La journaliste portugaise Catarina Gomes fait une entrée distinguée en littérature avec ce roman remarquable où l’intrigue déploie les aspects complexes du retour à la terre et du rapport des individus au territoire rural, véritable sujet culturel, historique et géographique, notamment dans la péninsule ibérique.
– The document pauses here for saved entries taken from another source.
lemma ham_path2_periodic:
  assumes f: "ham_path2 a b f" and "a \<noteq> b"
    and index_dvd: "\<And>j. zsmul j a \<in> cyc (a - b) \<longleftrightarrow> int p dvd j"
  shows "f (i + int p) - f i = f (int p) - f 0" and "cyc (f (int p) - f 0) = cyc (a - b)"
proof -
  note steps = ham_path2_step[OF f] and inj = ham_path2_inj[OF f]
  have period: "zsmul (int p) a \<in> cyc (a - b)" using index_dvd[of "int p"] by simp
  have period_in_cyc: "f (i + int p) - f i \<in> cyc (a - b)" for i
    using cyc_add[OF walk_diff_in_cyc[of f a b "i + int p" i, OF steps] period] by simp
  have same_step: "f (i + int p + 1) - f (i + int p) = f (i + 1) - f i" for i
    using out_step_eq_if_cyc[OF f \<open>a \<noteq> b\<close> period_in_cyc[of i]] by (simp add: out_step_apply[OF inj])
  have "f (i + 1 + int p) - f (i + 1) = f (i + int p) - f i" for i
    using same_step[of i] by (simp add: algebra_simps)
  then show periodic: "f (i + int p) - f i = f (int p) - f 0" for i
    using shift_invariant_eq[of "\<lambda>i. f (i + int p) - f i" i] by simp
  obtain j where "f j = f 0 + (a - b)" "zsmul j a \<in> cyc (a - b)"
    using ham_path2_reaches_translate[OF f \<open>a \<noteq> b\<close>] .
  then obtain t where "f (t * int p) = f 0 + (a - b)"
    using index_dvd by (metis dvd_def mult.commute)
  then have "a - b = zsmul t (f (int p) - f 0)"
    using zsmul_eq_if_constant_increment[of f "int p", OF periodic, of t] by simp
  then show "cyc (f (int p) - f 0) = cyc (a - b)"
    using cyc_eqI[OF _ period_in_cyc[of 0]] zsmul_in_cyc by fastforce
qed

lemma arc_disjoint_steps_complementary:
  assumes f: "ham_path2 a b f" and g: "ham_path2 a b g" and "a \<noteq> b"
    and disj: "path_arcs f \<inter> path_arcs g = {}" and "g j - f i \<in> cyc (a - b)"
  shows "g (j + 1) - g j = a + b - (f (i + 1) - f i)"
proof -
  note inj = ham_path2_inj[OF f]
  have out: "out_step f (g j) = f (i + 1) - f i"
    using out_step_eq_if_cyc[OF f \<open>a \<noteq> b\<close> \<open>g j - f i \<in> cyc (a - b)\<close>] by (simp add: out_step_apply[OF inj])
  have "out_step f (g j) \<noteq> g (j + 1) - g j"
  proof
    assume same: "out_step f (g j) = g (j + 1) - g j"
    define m where "m = inv f (g j)"
    have "f m = g j" unfolding m_def by (rule ham_path2_f_inv_f[OF f])
    then have "(g j, g (j + 1)) = (f m, f (m + 1))"
      using same out_step_apply[OF inj, of m] by simp
    moreover have "(f m, f (m + 1)) \<in> path_arcs f" "(g j, g (j + 1)) \<in> path_arcs g"
      unfolding path_arcs_def by (rule rangeI)+
    ultimately show False using disj by (metis IntI empty_iff)
  qed
  moreover note ham_path2_step[OF f, of i] ham_path2_step[OF g, of j]
  ultimately show ?thesis using out by auto
qed

lemma sum_two_valued:
  fixes a b :: "'a::ab_group_add"
  assumes "\<And>i. i < n \<Longrightarrow> s i \<in> {a, b}"
  obtains k where "k \<le> n" "(\<Sum>i<n. s i) = nsmul k a + nsmul (n - k) b"
  using assms
proof (induction n arbitrary: thesis)
  case (Suc n)
  obtain k where k: "k \<le> n" "(\<Sum>i<n. s i) = nsmul k a + nsmul (n - k) b"
    using Suc.IH Suc.prems(2) by (metis less_SucI)
  have "s n \<in> {a, b}" using Suc.prems(2) by simp
  then show thesis
  proof
    assume "s n = a"
    then show thesis using Suc.prems(1)[of "Suc k"] k by (simp add: algebra_simps)
  next
    assume "s n \<in> {b}"
    then show thesis using Suc.prems(1)[of k] k by (simp add: Suc_diff_le algebra_simps)
  qed
qed simp

lemma sum_complementary_steps:
  assumes "k \<le> n" "(\<Sum>i<n. s i) = nsmul k a + nsmul (n - k) b"
    and "\<And>i. t i = a + b - s i"
  shows "(\<Sum>i<n. t i) = nsmul (n - k) a + nsmul k (b :: 'a::ab_group_add)"
proof -
  have split: "nsmul n x = nsmul k x + nsmul (n - k) x" for x :: 'a
    using nsmul_add_left[of k "n - k" x] \<open>k \<le> n\<close> by simp
  have "(\<Sum>i<n. t i) = (\<Sum>i<n. a + b - s i)"
    using assms(3) by simp
  also have "\<dots> = nsmul n a + nsmul n b - (\<Sum>i<n. s i)"
    by (simp add: sum_subtractf sum.distrib nsmul_eq_sum)
  also have "\<dots> = nsmul (n - k) a + nsmul k b"
    unfolding assms(2) split[of a] split[of b] by (simp add: algebra_simps)
  finally show ?thesis .
qed

lemma sum_steps_telescope:
  "(\<Sum>i<n. f (c + int i + 1) - f (c + int i)) = f (c + int n) - (f c :: 'a::ab_group_add)"
  by (induction n) (simp_all add: algebra_simps)

text \<open>Started at a common vertex, the two paths take complementary steps at every time, so
  their periods are \<open>k a + (p - k) b\<close> and \<open>(p - k) a + k b\<close>.\<close>

lemma arc_disjoint_ham_paths_imp:
  assumes "a \<noteq> b" and index_dvd: "\<And>j. zsmul j a \<in> cyc (a - b) \<longleftrightarrow> int p dvd j"
    and f: "ham_path2 a b f" and g: "ham_path2 a b g" and disj: "path_arcs f \<inter> path_arcs g = {}"
  obtains k where "k \<le> p" "cyc (a - b) = cyc (nsmul k a + nsmul (p - k) b)"
    "cyc (a - b) = cyc (nsmul (p - k) a + nsmul k b)"
proof -
  note steps = ham_path2_step[OF f] ham_path2_step[OF g]
  define j0 where "j0 = inv g (f 0)"
  have j0: "g j0 = f 0" unfolding j0_def by (rule ham_path2_f_inv_f[OF g])
  let ?s = "\<lambda>i. f (0 + int i + 1) - f (0 + int i)"
  let ?t = "\<lambda>i. g (j0 + int i + 1) - g (j0 + int i)"
  obtain k where k: "k \<le> p" "(\<Sum>i<p. ?s i) = nsmul k a + nsmul (p - k) b"
    using sum_two_valued[of p ?s a b] steps(1) by blast
  have "g (j0 + int i) - f (int i) \<in> cyc (a - b)" for i
    using cyc_diff[OF walk_diff_in_cyc[of g a b "j0 + int i" j0, OF steps(2)]
        walk_diff_in_cyc[of f a b "int i" 0, OF steps(1)]] j0 by simp
  then have "?t i = a + b - ?s i" for i
    using arc_disjoint_steps_complementary[OF f g \<open>a \<noteq> b\<close> disj] by simp
  then have "(\<Sum>i<p. ?t i) = nsmul (p - k) a + nsmul k b"
    by (rule sum_complementary_steps[OF k])
  then have "g (int p) - g 0 = nsmul (p - k) a + nsmul k b"
    using sum_steps_telescope[of g j0 p] ham_path2_periodic(1)[OF g \<open>a \<noteq> b\<close> index_dvd, of j0] by simp
  moreover have "f (int p) - f 0 = nsmul k a + nsmul (p - k) b"
    using k(2) sum_steps_telescope[of f 0 p] by simp
  ultimately show thesis
    using that[OF k(1)] ham_path2_periodic(2)[OF f \<open>a \<noteq> b\<close> index_dvd]
      ham_path2_periodic(2)[OF g \<open>a \<noteq> b\<close> index_dvd] by argo
qed

section \<open>Periodic walks\<close>

text \<open>The walk starting at \<open>0\<close> whose step at time \<open>i\<close> is \<open>\<sigma> (i mod p)\<close>.\<close>

definition periodic_walk :: "(nat \<Rightarrow> 'a::ab_group_add) \<Rightarrow> nat \<Rightarrow> int \<Rightarrow> 'a" where
  "periodic_walk \<sigma> p i = zsmul (i div int p) (\<Sum>r<p. \<sigma> r) + (\<Sum>r<nat (i mod int p). \<sigma> r)"

lemma periodic_walk_eq:
  assumes "0 \<le> r" "r < int p"
  shows "periodic_walk \<sigma> p (t * int p + r) = zsmul t (\<Sum>q<p. \<sigma> q) + (\<Sum>q<nat r. \<sigma> q)"
  using assms by (simp add: periodic_walk_def)

lemma periodic_walk_0 [simp]: "periodic_walk \<sigma> p 0 = 0"
  by (simp add: periodic_walk_def)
Claudia a dix-huit ans lorsque ses parents meurent dans un accident de voiture en revenant de leur village natal qu’ils avaient quitté pour une vie urbaine. Tous les étés cependant, la famille retournait à Arrô, où la fillette s’ennuyait ferme chez sa grand-mère toute de noir vêtue et qu’elle a toujours connue veuve. A la fin des vacances, elle se souvient que la voiture ployait sous les sacs de pommes de terre rapportés : assez pour tenir toute une année et même davantage. Après la mort de ses parents, Claudia, devenue décoratrice d’intérieure dans une ville qu’elle ne quitterait pour rien au monde, a presque oublié le village, ayant été élevée par un père et une mère soucieux de gommer tout signe d’appartenance à cet univers paysan. Or, vingt ans plus tard, elle reçoit un courrier l’informant qu’un grand-oncle d’Amérique lui a légué quatre modestes parcelles à Arrô ! Son petit monde réglé et ordonné en est dérangé, d’autant qu’elle n’éprouve que du dédain pour ce legs, et veut seulement s’en débarrasser au plus vite ; mais, comme le lui dit le notaire : « héritière un jour, héritière toujours ». Au volant de sa citadine, elle se rend donc au village pour régler les formalités. Après tout ce temps, rien n’a changé et pourtant tout a changé : les rues désormais bitumées ont des plaques avec leur nom, le recyclage est obligatoire, l’église est devenue « romane », et un petit écomusée a même ouvert. Sur place, Claudia doit d’abord chercher une personne pour la guider vers ses quelques mètres carrés de terre (dont les noms de « prairie broussailleuse » ou de « bas-fond de la pointe » sont peu engageants) où elle ne s’attend pas à trouver un patrimoine familial autrement plus fondamental.

Le roman, habilement construit, passe subtilement de la surface des choses à leur caractère souterrain et originel, dans un mélange de tonalités nuancé, à la fois humoristique et mélancolique. Ce retour aux sources involontaire entraîne Claudia dans une enquête familiale, posant la question de la transmission entre générations. Adepte de l’ordre et de l’équilibre, notre héroïne attachante, pince-sans-rire et pleine d’autodérision, déterrera un secret dissimulé par une tonne de pommes de terre et une bonne couche de silence.